Stored data:
lemma conjugate_pos: "y \<in> set (conjugate xs) \<Longrightarrow> 0 < y"
proof -
  assume "y \<in> set (conjugate xs)"
  then obtain i where "i < part xs 0" and y: "y = length (filter (\<lambda>x. i < x) xs)"
    by (auto simp: conjugate_def)
  then have "part xs 0 \<in> set (filter (\<lambda>x. i < x) xs)"
    by (cases xs) auto
  then show "0 < y" using y by (metis length_pos_if_in_set)
qed

lemma sum_list_length_filter_less:
  "(\<Sum>i\<leftarrow>[0..<K]. length (filter (\<lambda>x. i < x) xs)) = (\<Sum>x\<leftarrow>xs. min K x)"
proof (induction xs)
  case Nil
  then show ?case by (induction K) auto
next
  case (Cons x xs)
  have "(\<Sum>i\<leftarrow>[0..<K]. length (filter (\<lambda>y. i < y) (x # xs)))
      = (\<Sum>i\<leftarrow>[0..<K]. (if i < x then 1 else 0) + length (filter (\<lambda>y. i < y) xs))"
    by (rule arg_cong[where f = sum_list]) auto
  also have "\<dots> = min K x + (\<Sum>y\<leftarrow>xs. min K y)"
  proof -
    have "(\<Sum>i\<leftarrow>[0..<K]. if i < x then 1 else 0) = min K x"
      by (induction K) auto
    then show ?thesis using Cons.IH by (simp add: sum_list_addf)
  qed
  finally show ?case by simp
qed

lemma sum_list_conjugate: "nonincreasing xs \<Longrightarrow> sum_list (conjugate xs) = sum_list xs"
  unfolding conjugate_def sum_list_length_filter_less
  by (metis (no_types, lifting) le_part_0 map_idI min.absorb2)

§ Exercise instructions:
Could you reproduce, exactly, every line above from the line with "then show ?thesis" to the line with "unfolding conjugate_def sum_list_length_filter_less", and no other line? Both ends count.

§ Answer below:
    then show ?thesis using Cons.IH by (simp add: sum_list_addf)
  qed
  finally show ?case by simp
qed

lemma sum_list_conjugate: "nonincreasing xs \<Longrightarrow> sum_list (conjugate xs) = sum_list xs"
  unfolding conjugate_def sum_list_length_filter_less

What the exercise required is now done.